What is being asked: Scan the records for the string "imports"; copy each line where it occurs.
══════
(* Let $p\in[1,\infty)\setminus\{2\}$, let $(X,\mathcal{B},\mu)$ and $(Y,\mathcal{C},\nu)$ be $\sigma$-finite measure spaces, and let $\lambda\mapsto s_\lambda\in L(L^p(X,\mu),L^p(Y,\nu))$, $\lambda\in[0,1]$, be a norm continuous path of surjective isometries. Let $S_\lambda$ be the spatial realization of $s_\lambda$. Then $S_0=S_1$.
   Context: By Lamperti's theorem (cited), for $p\ne2$ every surjective isometry $s$ between such $L^p$ spaces is a spatial isometry: there are a bijective measurable set transformation $S\colon\mathcal{B}/\mathcal{N}(\mu)\to\mathcal{C}/\mathcal{N}(\nu)$ (a Boolean algebra homomorphism preserving countable unions, $\mathcal{N}$ denoting null sets) and a measurable $g$ with $|g|=1$ a.e. such that $s\xi=g\,[dS_*(\mu)/d\nu]^{1/p}S_*(\xi)$, where $S_*$ is the induced linear map on measurable functions with $S_*(\chi_E)=\chi_{S(E)}$ preserving a.e. limits, and $S_*(\mu)(F)=\mu(E)$ when $S([E])=[F]$. This $S$ is uniquely determined by $s$ and is called its spatial realization. *)

theory Defs
  imports "HOL-Analysis.Analysis"
begin

text \<open>Elements of L^p(X,mu) are represented by complex-valued measurable functions
  with integrable p-th power of the modulus; operators act on representatives and are
  required to respect equality almost everywhere.\<close>

definition Lp_fun :: "'a measure \<Rightarrow> real \<Rightarrow> ('a \<Rightarrow> complex) \<Rightarrow> bool" where
  "Lp_fun M p f \<longleftrightarrow> f \<in> borel_measurable M \<and> integrable M (\<lambda>x. norm (f x) powr p)"

definition Lp_norm :: "'a measure \<Rightarrow> real \<Rightarrow> ('a \<Rightarrow> complex) \<Rightarrow> real" where
  "Lp_norm M p f = (integral\<^sup>L M (\<lambda>x. norm (f x) powr p)) powr (1 / p)"

definition ae_eq :: "'a measure \<Rightarrow> ('a \<Rightarrow> 'c) \<Rightarrow> ('a \<Rightarrow> 'c) \<Rightarrow> bool" where
  "ae_eq M f g \<longleftrightarrow> (AE x in M. f x = g x)"

definition Lp_surj_isometry ::
  "'a measure \<Rightarrow> 'b measure \<Rightarrow> real \<Rightarrow> (('a \<Rightarrow> complex) \<Rightarrow> ('b \<Rightarrow> complex)) \<Rightarrow> bool" where
  "Lp_surj_isometry M N p s \<longleftrightarrow>
     (\<forall>f. Lp_fun M p f \<longrightarrow> Lp_fun N p (s f)) \<and>
     (\<forall>f g. Lp_fun M p f \<longrightarrow> Lp_fun M p g \<longrightarrow> ae_eq M f g \<longrightarrow> ae_eq N (s f) (s g)) \<and>
     (\<forall>f g a b. Lp_fun M p f \<longrightarrow> Lp_fun M p g \<longrightarrow>
        ae_eq N (s (\<lambda>x. a * f x + b * g x)) (\<lambda>y. a * s f y + b * s g y)) \<and>
     (\<forall>f. Lp_fun M p f \<longrightarrow> Lp_norm N p (s f) = Lp_norm M p f) \<and>
     (\<forall>h. Lp_fun N p h \<longrightarrow> (\<exists>f. Lp_fun M p f \<and> ae_eq N (s f) h))"

definition Lp_norm_continuous_path ::
  "'a measure \<Rightarrow> 'b measure \<Rightarrow> real \<Rightarrow> (real \<Rightarrow> ('a \<Rightarrow> complex) \<Rightarrow> ('b \<Rightarrow> complex)) \<Rightarrow> bool" where
  "Lp_norm_continuous_path M N p s \<longleftrightarrow>
     (\<forall>l\<in>{0..1}. \<forall>e>0. \<exists>d>0. \<forall>m\<in>{0..1}. \<bar>m - l\<bar> < d \<longrightarrow>
        (\<forall>f. Lp_fun M p f \<longrightarrow> Lp_norm M p f \<le> 1 \<longrightarrow>
             Lp_norm N p (\<lambda>y. s m f y - s l f y) \<le> e))"

definition null_equiv :: "'a measure \<Rightarrow> 'a set \<Rightarrow> 'a set \<Rightarrow> bool" where
  "null_equiv M A B \<longleftrightarrow> A \<in> sets M \<and> B \<in> sets M \<and> (A - B) \<union> (B - A) \<in> null_sets M"

text \<open>A bijective measurable set transformation B/N(mu) \<rightarrow> C/N(nu), given on
  representatives: a Boolean algebra homomorphism preserving countable unions.\<close>
definition set_transformation ::
  "'a measure \<Rightarrow> 'b measure \<Rightarrow> ('a set \<Rightarrow> 'b set) \<Rightarrow> bool" where
  "set_transformation M N S \<longleftrightarrow>
     (\<forall>E\<in>sets M. S E \<in> sets N) \<and>
     (\<forall>E F. null_equiv M E F \<longrightarrow> null_equiv N (S E) (S F)) \<and>
     (\<forall>E\<in>sets M. null_equiv N (S (space M - E)) (space N - S E)) \<and>
     (\<forall>A :: nat \<Rightarrow> 'a set. range A \<subseteq> sets M \<longrightarrow>
        null_equiv N (S (\<Union>i. A i)) (\<Union>i. S (A i))) \<and>
     (\<forall>E\<in>sets M. \<forall>F\<in>sets M. null_equiv N (S E) (S F) \<longrightarrow> null_equiv M E F) \<and>
     (\<forall>F\<in>sets N. \<exists>E\<in>sets M. null_equiv N (S E) F)"

definition induced_map ::
  "'a measure \<Rightarrow> 'b measure \<Rightarrow> ('a set \<Rightarrow> 'b set) \<Rightarrow>
   (('a \<Rightarrow> complex) \<Rightarrow> ('b \<Rightarrow> complex)) \<Rightarrow> bool" where
  "induced_map M N S T \<longleftrightarrow>
     (\<forall>f\<in>borel_measurable M. T f \<in> borel_measurable N) \<and>
     (\<forall>E\<in>sets M. ae_eq N (T (\<lambda>x. indicator E x)) (\<lambda>y. indicator (S E) y)) \<and>
     (\<forall>f\<in>borel_measurable M. \<forall>g\<in>borel_measurable M. \<forall>a b.
        ae_eq N (T (\<lambda>x. a * f x + b * g x)) (\<lambda>y. a * T f y + b * T g y)) \<and>
     (\<forall>F f. (\<forall>n. F n \<in> borel_measurable M) \<longrightarrow> f \<in> borel_measurable M \<longrightarrow>
        (AE x in M. (\<lambda>n. F n x) \<longlonglongrightarrow> f x) \<longrightarrow>
        (AE y in N. (\<lambda>n. T (F n) y) \<longlonglongrightarrow> T f y))"

text \<open>S is the spatial realization of s: s xi = g (dS_*(mu)/dnu)^(1/p) S_*(xi).
  The Radon--Nikodym derivative h = dS_*(mu)/dnu is characterised by
  S_*(mu)(S E) = mu(E) = integral over S E of h dnu.\<close>
definition spatial_realization ::
  "'a measure \<Rightarrow> 'b measure \<Rightarrow> real \<Rightarrow> (('a \<Rightarrow> complex) \<Rightarrow> ('b \<Rightarrow> complex)) \<Rightarrow>
   ('a set \<Rightarrow> 'b set) \<Rightarrow> bool" where
  "spatial_realization M N p s S \<longleftrightarrow>
     set_transformation M N S \<and>
     (\<exists>g T h. g \<in> borel_measurable N \<and> (AE y in N. norm (g y) = 1) \<and>
        induced_map M N S T \<and>
        h \<in> borel_measurable N \<and>
        (\<forall>E\<in>sets M. emeasure M E = set_nn_integral N (S E) h) \<and>
        (\<forall>xi. Lp_fun M p xi \<longrightarrow>
           ae_eq N (s xi) (\<lambda>y. g y * complex_of_real (enn2real (h y) powr (1 / p)) * T xi y)))"

end

theory Submission
  imports Defs
begin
══════
Output below:
  imports "HOL-Analysis.Analysis"
  imports Defs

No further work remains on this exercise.